C32B-02
Assessing the Sensitivity of Satellite-Derived Estimates of Ice Sheet Mass Balance to Regional Climate Model Simulations of Snow Accumulation and Firn Compaction
Wednesday, 16 December 2015: 10:35
3007 (Moscone West)
Kate Briggs, University of Leeds, Leeds, LS2, United Kingdom
Abstract:
Surface mass balance (SMB) estimates from Regional Climate Models (RCMs) are fundamental for assessing and understanding ice sheet mass trends. Mass budget and altimetry assessments rely on RCMs both directly for estimates of the SMB contribution to the total mass trend, and indirectly for ancillary data in the form of firn compaction corrections. As such, mass balance assessments can be highly sensitive to RCM outputs and therefore their accuracy. Here we assess the extent to which geodetic measurements of mass balance are sensitive to RCM model outputs at different resolutions. We achieve this by comparing SMB dependent estimates of mass balance from the mass budget method and altimetry, with those from satellite gravimetry that are independent of SMB estimates.
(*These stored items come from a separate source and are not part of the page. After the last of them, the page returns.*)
(* Let $G=(V,E,\mathcal F)$ be a map on a closed orientable surface with a reference orientation, and let $a,b\in E$ be two edges. Then \[ (\eta_a)_b=\begin{cases}(\pi_b)_{h(a)}-(\pi_b)_{t(a)}+(\pi^*_b)_{r(a)}-(\pi^*_b)_{l(a)}+1, & \text{if } a=b,\\ (\pi_b)_{h(a)}-(\pi_b)_{t(a)}+(\pi^*_b)_{r(a)}-(\pi^*_b)_{l(a)}, & \text{otherwise.}\end{cases} \]
   Context: A map is a finite graph embedded in the surface so that every face is an open disc; each edge $e$ has tail $t(e)$, head $h(e)$, right shore $r(e)\in\mathcal F$ and left shore $l(e)\in\mathcal F$. For $v\in V$, $\delta v\in\mathbb R^E$ has entries $1$ on edges with head $v$, $-1$ on edges with tail $v$, $0$ otherwise; for $F\in\mathcal F$, $\partial F\in\mathbb R^E$ has entries $1$ on edges with $r(e)=F$, $-1$ on edges with $l(e)=F$, $0$ otherwise. $\mathcal C$ is the space of smooth circulations: vectors $\phi\in\mathbb R^E$ with $\phi\cdot\delta v=0$ for all $v$ and $\phi\cdot\partial F=0$ for all $F$. For $e\in E$, $\chi_e$ is the unit vector of $e$ and $\eta_e$ is the orthogonal projection of $\chi_e$ onto $\mathcal C$. Harmonic functions: for a connected graph $H$ with node set $W$ and nodes $a,b\in W$, $\pi_{a,b}\in\mathbb R^W$ is the unique vector with $\sum_{u}\pi_u=0$ and, for every node $v$, $\sum_{u:\,uv\in E(H)}\pi_u-d_v\pi_v$ equal to $1$ if $v=b$, $-1$ if $v=a$, and $0$ otherwise (neighbors counted with edge multiplicity, $d_v$ the degree). For an edge $e$ of $G$, $\pi_e=\pi_{t(e),h(e)}$ computed in $G$. The dual map $G^*$ has node set $\mathcal F$ and edge set $E$, where edge $e$ joins $l(e)$ (its tail) to $r(e)$ (its head); $\pi^*_e=\pi_{l(e),r(e)}$ computed in $G^*$. *)

theory Defs
  imports Main "HOL.Real"
begin

text \<open>Maps on closed orientable surfaces, encoded combinatorially by rotation systems.
  Edges form a finite set E; each edge e carries two darts (e,True) (oriented along the
  reference orientation, from tail to head) and (e,False) (its reversal).
  A permutation sigma of the darts gives the cyclic (counterclockwise) order of darts
  around their common origin.\<close>

definition darts :: "'e set \<Rightarrow> ('e \<times> bool) set" where
  "darts E = E \<times> (UNIV :: bool set)"

definition alpha :: "'e \<times> bool \<Rightarrow> 'e \<times> bool" where
  "alpha d = (fst d, \<not> snd d)"

definition orb :: "('a \<Rightarrow> 'a) \<Rightarrow> 'a \<Rightarrow> 'a set" where
  "orb f d = range (\<lambda>n. (f ^^ n) d)"

definition facep :: "('e \<times> bool \<Rightarrow> 'e \<times> bool) \<Rightarrow> 'e \<times> bool \<Rightarrow> 'e \<times> bool" where
  "facep \<sigma> = \<sigma> \<circ> alpha"

definition is_map :: "'e set \<Rightarrow> ('e \<times> bool \<Rightarrow> 'e \<times> bool) \<Rightarrow> bool" where
  "is_map E \<sigma> \<longleftrightarrow> finite E \<and> bij_betw \<sigma> (darts E) (darts E) \<and>
     (\<forall>d\<in>darts E. \<forall>d'\<in>darts E.
        (d, d') \<in> ({(x, \<sigma> x) | x. True} \<union> {(x, alpha x) | x. True})\<^sup>*)"

definition tailv :: "('e \<times> bool \<Rightarrow> 'e \<times> bool) \<Rightarrow> 'e \<Rightarrow> ('e \<times> bool) set" where
  "tailv \<sigma> e = orb \<sigma> (e, True)"

definition headv :: "('e \<times> bool \<Rightarrow> 'e \<times> bool) \<Rightarrow> 'e \<Rightarrow> ('e \<times> bool) set" where
  "headv \<sigma> e = orb \<sigma> (e, False)"

definition rshore :: "('e \<times> bool \<Rightarrow> 'e \<times> bool) \<Rightarrow> 'e \<Rightarrow> ('e \<times> bool) set" where
  "rshore \<sigma> e = orb (facep \<sigma>) (e, True)"

definition lshore :: "('e \<times> bool \<Rightarrow> 'e \<times> bool) \<Rightarrow> 'e \<Rightarrow> ('e \<times> bool) set" where
  "lshore \<sigma> e = orb (facep \<sigma>) (e, False)"
(* The Exhaustive-PBS (EPBS) mechanism, which outputs the reported-welfare-maximizing assignment among the collision-free leaves of the fully expanded EPBS search tree and charges VCG-based payments $p_i(\hat\tau)=\sum_{j\neq i}\hat w_j(d^\ast_{-i})-\sum_{j\neq i}\hat w_j(d^\ast)$, where $d^\ast$ and $d^\ast_{-i}$ maximize $\sum_i\hat w_i$ and $\sum_{j\ne i}\hat w_j$ respectively over that set of leaf assignments, is strategyproof: no agent can increase her utility $u_i=w_i(d^\ast)-p_i$ by misreporting her cost $c_i$ or value $v_i$, whatever the other agents report.
   Context: Setting: graph $(V,E)$, agents $i=1,\dots,n$ with types $\tau_i=(s_i,g_i,c_i,v_i)$; only $c_i,v_i$ can be misreported; paths, feasible (vertex- and edge-conflict-free) assignments, and welfare $w_i(d)=\max(0,v_i-c_i|\pi_i^d|)$ as usual; $\hat w_i$ is welfare computed from reports. EPBS search tree: each node holds a strict partial order (priority ordering) on agents and a plan (one path per agent) in which each agent's path is a shortest path from her start to her goal avoiding conflicts with paths of all agents of higher priority. The root has the empty ordering and individually shortest paths. A node whose plan has a conflict is expanded by choosing a conflict between two agents $i,j$ and creating two children, one adding $i\succ j$ and the other $j\succ i$ to the ordering (transitively closed), each replanning paths by single-agent search. All choices (which conflict to branch on, tie-breaking among equal-length paths) are made by a fixed rule using a fixed lexicographic ordering of agents and their start/goal vertices only. The tree is expanded exhaustively until every leaf is conflict-free; the range is the set of assignments in conflict-free leaves. A mechanism is strategyproof if truthful reporting of $(c_i,v_i)$ is a dominant strategy for every agent. *)

theory Defs
  imports Complex_Main
begin

text \<open>The agent stays at the last vertex forever.\<close>

definition is_path :: "('v \<times> 'v) set \<Rightarrow> 'v \<Rightarrow> 'v \<Rightarrow> 'v list \<Rightarrow> bool" where
  "is_path E a b \<pi> \<longleftrightarrow> \<pi> \<noteq> [] \<and> hd \<pi> = a \<and> last \<pi> = b \<and>
     (\<forall>k. Suc k < length \<pi> \<longrightarrow> \<pi> ! k = \<pi> ! Suc k \<or> (\<pi> ! k, \<pi> ! Suc k) \<in> E)"

definition path_len :: "'v list \<Rightarrow> nat" where
  "path_len \<pi> = length \<pi> - 1"

definition pos :: "'v list \<Rightarrow> nat \<Rightarrow> 'v" where
  "pos \<pi> t = \<pi> ! min t (length \<pi> - 1)"

definition conflict :: "'v list \<Rightarrow> 'v list \<Rightarrow> bool" where
  "conflict \<pi> \<sigma> \<longleftrightarrow> (\<exists>t. pos \<pi> t = pos \<sigma> t \<or>
      (pos \<pi> t = pos \<sigma> (Suc t) \<and> pos \<pi> (Suc t) = pos \<sigma> t))"

definition has_conflict :: "nat \<Rightarrow> (nat \<Rightarrow> 'v list) \<Rightarrow> bool" where
  "has_conflict n d \<longleftrightarrow> (\<exists>i<n. \<exists>j<n. i \<noteq> j \<and> conflict (d i) (d j))"

definition shortest_avoiding :: "('v \<times> 'v) set \<Rightarrow> 'v \<Rightarrow> 'v \<Rightarrow> 'v list set \<Rightarrow> 'v list \<Rightarrow> bool" where
  "shortest_avoiding E a b S \<pi> \<longleftrightarrow> is_path E a b \<pi> \<and> (\<forall>\<sigma>\<in>S. \<not> conflict \<pi> \<sigma>) \<and>
     (\<forall>\<pi>'. is_path E a b \<pi>' \<and> (\<forall>\<sigma>\<in>S. \<not> conflict \<pi>' \<sigma>) \<longrightarrow> path_len \<pi> \<le> path_len \<pi>')"

text \<open>Priority orderings are relations on agents; (k, i) \<in> R means k \<succ> i (k has higher priority).\<close>
definition plan_respects :: "('v \<times> 'v) set \<Rightarrow> nat \<Rightarrow> (nat \<Rightarrow> 'v) \<Rightarrow> (nat \<Rightarrow> 'v) \<Rightarrow>
    (nat \<times> nat) set \<Rightarrow> (nat \<Rightarrow> 'v list) \<Rightarrow> bool" where
  "plan_respects E n s g R d \<longleftrightarrow>
     (\<forall>i<n. shortest_avoiding E (s i) (g i) {d k | k. k < n \<and> (k, i) \<in> R} (d i))"

text \<open>A fixed EPBS rule: the root plan, the conflict-selection rule, and the replanning
  (single-agent search with fixed tie-breaking). These are fixed functions of the ordering
  and plan of a node (for the fixed graph and start/goal vertices); they do not receive the
  reported costs/values.\<close>
definition epbs_rule :: "('v \<times> 'v) set \<Rightarrow> nat \<Rightarrow> (nat \<Rightarrow> 'v) \<Rightarrow> (nat \<Rightarrow> 'v) \<Rightarrow>
    (nat \<Rightarrow> 'v list) \<Rightarrow>
    ((nat \<times> nat) set \<Rightarrow> (nat \<Rightarrow> 'v list) \<Rightarrow> nat \<times> nat) \<Rightarrow>
    ((nat \<times> nat) set \<Rightarrow> (nat \<Rightarrow> 'v list) \<Rightarrow> (nat \<Rightarrow> 'v list) option) \<Rightarrow> bool" where
  "epbs_rule E n s g d0 pick replan \<longleftrightarrow>
     plan_respects E n s g {} d0 \<and>
     (\<forall>R d. has_conflict n d \<longrightarrow>
        (let (i, j) = pick R d in i < n \<and> j < n \<and> i \<noteq> j \<and> conflict (d i) (d j))) \<and>
     (\<forall>R d d'. replan R d = Some d' \<longrightarrow> plan_respects E n s g R d')"

inductive_set epbs_nodes :: "nat \<Rightarrow> (nat \<Rightarrow> 'v list) \<Rightarrow>
    ((nat \<times> nat) set \<Rightarrow> (nat \<Rightarrow> 'v list) \<Rightarrow> nat \<times> nat) \<Rightarrow>
    ((nat \<times> nat) set \<Rightarrow> (nat \<Rightarrow> 'v list) \<Rightarrow> (nat \<Rightarrow> 'v list) option) \<Rightarrow>
    ((nat \<times> nat) set \<times> (nat \<Rightarrow> 'v list)) set"
  for n d0 pick replan where
  root_node: "({}, d0) \<in> epbs_nodes n d0 pick replan"
| child1: "\<lbrakk>(R, d) \<in> epbs_nodes n d0 pick replan; has_conflict n d; pick R d = (i, j);
            R' = trancl (insert (i, j) R); \<forall>k. (k, k) \<notin> R'; replan R' d = Some d'\<rbrakk>
           \<Longrightarrow> (R', d') \<in> epbs_nodes n d0 pick replan"
| child2: "\<lbrakk>(R, d) \<in> epbs_nodes n d0 pick replan; has_conflict n d; pick R d = (i, j);
            R' = trancl (insert (j, i) R); \<forall>k. (k, k) \<notin> R'; replan R' d = Some d'\<rbrakk>
           \<Longrightarrow> (R', d') \<in> epbs_nodes n d0 pick replan"

text \<open>The range: assignments of the conflict-free (hence leaf) nodes.\<close>
definition epbs_range :: "nat \<Rightarrow> (nat \<Rightarrow> 'v list) \<Rightarrow>
    ((nat \<times> nat) set \<Rightarrow> (nat \<Rightarrow> 'v list) \<Rightarrow> nat \<times> nat) \<Rightarrow>
    ((nat \<times> nat) set \<Rightarrow> (nat \<Rightarrow> 'v list) \<Rightarrow> (nat \<Rightarrow> 'v list) option) \<Rightarrow>
    (nat \<Rightarrow> 'v list) set" where
  "epbs_range n d0 pick replan =
     {d. \<exists>R. (R, d) \<in> epbs_nodes n d0 pick replan \<and> \<not> has_conflict n d}"

definition welfare :: "real \<Rightarrow> real \<Rightarrow> 'v list \<Rightarrow> real" where
  "welfare c v \<pi> = max 0 (v - c * real (path_len \<pi>))"

definition social_welfare :: "nat \<Rightarrow> (nat \<Rightarrow> real) \<Rightarrow> (nat \<Rightarrow> real) \<Rightarrow> (nat \<Rightarrow> 'v list) \<Rightarrow> real" where
  "social_welfare n c v d = (\<Sum>j<n. welfare (c j) (v j) (d j))"

definition others_welfare :: "nat \<Rightarrow> nat \<Rightarrow> (nat \<Rightarrow> real) \<Rightarrow> (nat \<Rightarrow> real) \<Rightarrow> (nat \<Rightarrow> 'v list) \<Rightarrow> real" where
  "others_welfare n i c v d = (\<Sum>j\<in>{..<n} - {i}. welfare (c j) (v j) (d j))"

definition is_maximizer :: "('a \<Rightarrow> real) \<Rightarrow> 'a set \<Rightarrow> 'a \<Rightarrow> bool" where
  "is_maximizer f A x \<longleftrightarrow> x \<in> A \<and> (\<forall>y\<in>A. f y \<le> f x)"

definition vcg_payment :: "nat \<Rightarrow> nat \<Rightarrow> (nat \<Rightarrow> real) \<Rightarrow> (nat \<Rightarrow> real) \<Rightarrow>
    (nat \<Rightarrow> 'v list) \<Rightarrow> (nat \<Rightarrow> 'v list) \<Rightarrow> real" where
  "vcg_payment n i c v d dmi = others_welfare n i c v dmi - others_welfare n i c v d"

end

theory Submission
  imports Defs
begin

text \<open>The EPBS tree is built from the start and goal vertices only, so its range does not
  depend on the reported costs and values. VCG over any report-independent range is
  strategyproof: the term of agent i's payment built from the others' optimum does not depend
  on her report, so her utility is her true welfare plus the others' reported welfare at the
  chosen outcome, up to a constant, and the truthful outcome maximises exactly that sum.\<close>

lemma social_welfare_split:
  assumes "i < n"
  shows "social_welfare n c v d = welfare (c i) (v i) (d i) + others_welfare n i c v d"
  unfolding social_welfare_def others_welfare_def
  using assms by (simp add: sum.remove)

lemma others_welfare_fun_upd [simp]:
  "others_welfare n i (c(i := a)) (v(i := b)) d = others_welfare n i c v d"
  unfolding others_welfare_def by (rule sum.cong) auto

lemma vcg_strategyproof:
  assumes "i < n"
    and truthful: "is_maximizer (social_welfare n (c(i := ci)) (v(i := vi))) A dT"
    and truthful_minus: "is_maximizer (others_welfare n i (c(i := ci)) (v(i := vi))) A dTm"
    and mis: "is_maximizer (social_welfare n (c(i := ci')) (v(i := vi'))) A dM"
    and mis_minus: "is_maximizer (others_welfare n i (c(i := ci')) (v(i := vi'))) A dMm"
  shows "welfare ci vi (dM i) - vcg_payment n i (c(i := ci')) (v(i := vi')) dM dMm
         \<le> welfare ci vi (dT i) - vcg_payment n i (c(i := ci)) (v(i := vi)) dT dTm"
proof -
  let ?ow = "others_welfare n i c v"
  have "?ow dMm = ?ow dTm"
    using truthful_minus mis_minus unfolding is_maximizer_def
    by (metis order_antisym others_welfare_fun_upd)
  moreover have "social_welfare n (c(i := ci)) (v(i := vi)) dM
                 \<le> social_welfare n (c(i := ci)) (v(i := vi)) dT"
    using truthful mis unfolding is_maximizer_def by blast
  then have "welfare ci vi (dM i) + ?ow dM \<le> welfare ci vi (dT i) + ?ow dT"
    by (simp add: social_welfare_split[OF \<open>i < n\<close>])
  ultimately show ?thesis
    unfolding vcg_payment_def by simp
qed

theorem mainTheorem3:
  fixes E :: "('v \<times> 'v) set" and n :: nat and s g :: "nat \<Rightarrow> 'v"
    and d0 :: "nat \<Rightarrow> 'v list"
    and pick :: "(nat \<times> nat) set \<Rightarrow> (nat \<Rightarrow> 'v list) \<Rightarrow> nat \<times> nat"
    and replan :: "(nat \<times> nat) set \<Rightarrow> (nat \<Rightarrow> 'v list) \<Rightarrow> (nat \<Rightarrow> 'v list) option"
    and i :: nat and ci vi ci' vi' :: real and rc rv :: "nat \<Rightarrow> real"
    and dT dTm dM dMm :: "nat \<Rightarrow> 'v list"
  assumes rule: "epbs_rule E n s g d0 pick replan"
    and i: "i < n"
    and truthful_out: "is_maximizer (social_welfare n (rc(i := ci)) (rv(i := vi)))
                          (epbs_range n d0 pick replan) dT"
    and truthful_minus: "is_maximizer (others_welfare n i (rc(i := ci)) (rv(i := vi)))
                          (epbs_range n d0 pick replan) dTm"
    and mis_out: "is_maximizer (social_welfare n (rc(i := ci')) (rv(i := vi')))
                          (epbs_range n d0 pick replan) dM"
    and mis_minus: "is_maximizer (others_welfare n i (rc(i := ci')) (rv(i := vi')))
                          (epbs_range n d0 pick replan) dMm"
  shows "welfare ci vi (dM i) - vcg_payment n i (rc(i := ci')) (rv(i := vi')) dM dMm
         \<le> welfare ci vi (dT i) - vcg_payment n i (rc(i := ci)) (rv(i := vi)) dT dTm"
  using vcg_strategyproof[OF i truthful_out truthful_minus mis_out mis_minus] .

end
Using the outputs of the RACMO/ANT 2.3 model at 5.5 km and 27 km horizontal spatial resolution, we generate estimates of mass balance using the mass budget method and altimetry for the Western Palmer Land region of the Antarctic Peninsula between 2003 and 2014. We find a 19% increase in the long-term (1980 to 2014) mean annual SMB for the region when enhancing the model resolution to 5.5 km. This translates into an approximate 50% reduction in the total mass loss from 2003 to 2014 calculated with the mass budget method and a 15% increase in the altimetry estimate. The use of the enhanced resolution product leads to consistency between the estimates of mass loss from the altimetry and the mass budget method that is not observed with the coarser resolution product, in which estimates of cumulative mass fall beyond the relative errors. Critically, when using the 5.5 km product, we find excellent agreement, both in pattern and magnitude, with the independent estimate derived from gravimetry. Our results point toward the crucial need for high resolution SMB products from RCMs for mass balance assessments, particularly in regions of high mass turnover and complex terrain as found over the Antarctic Peninsula.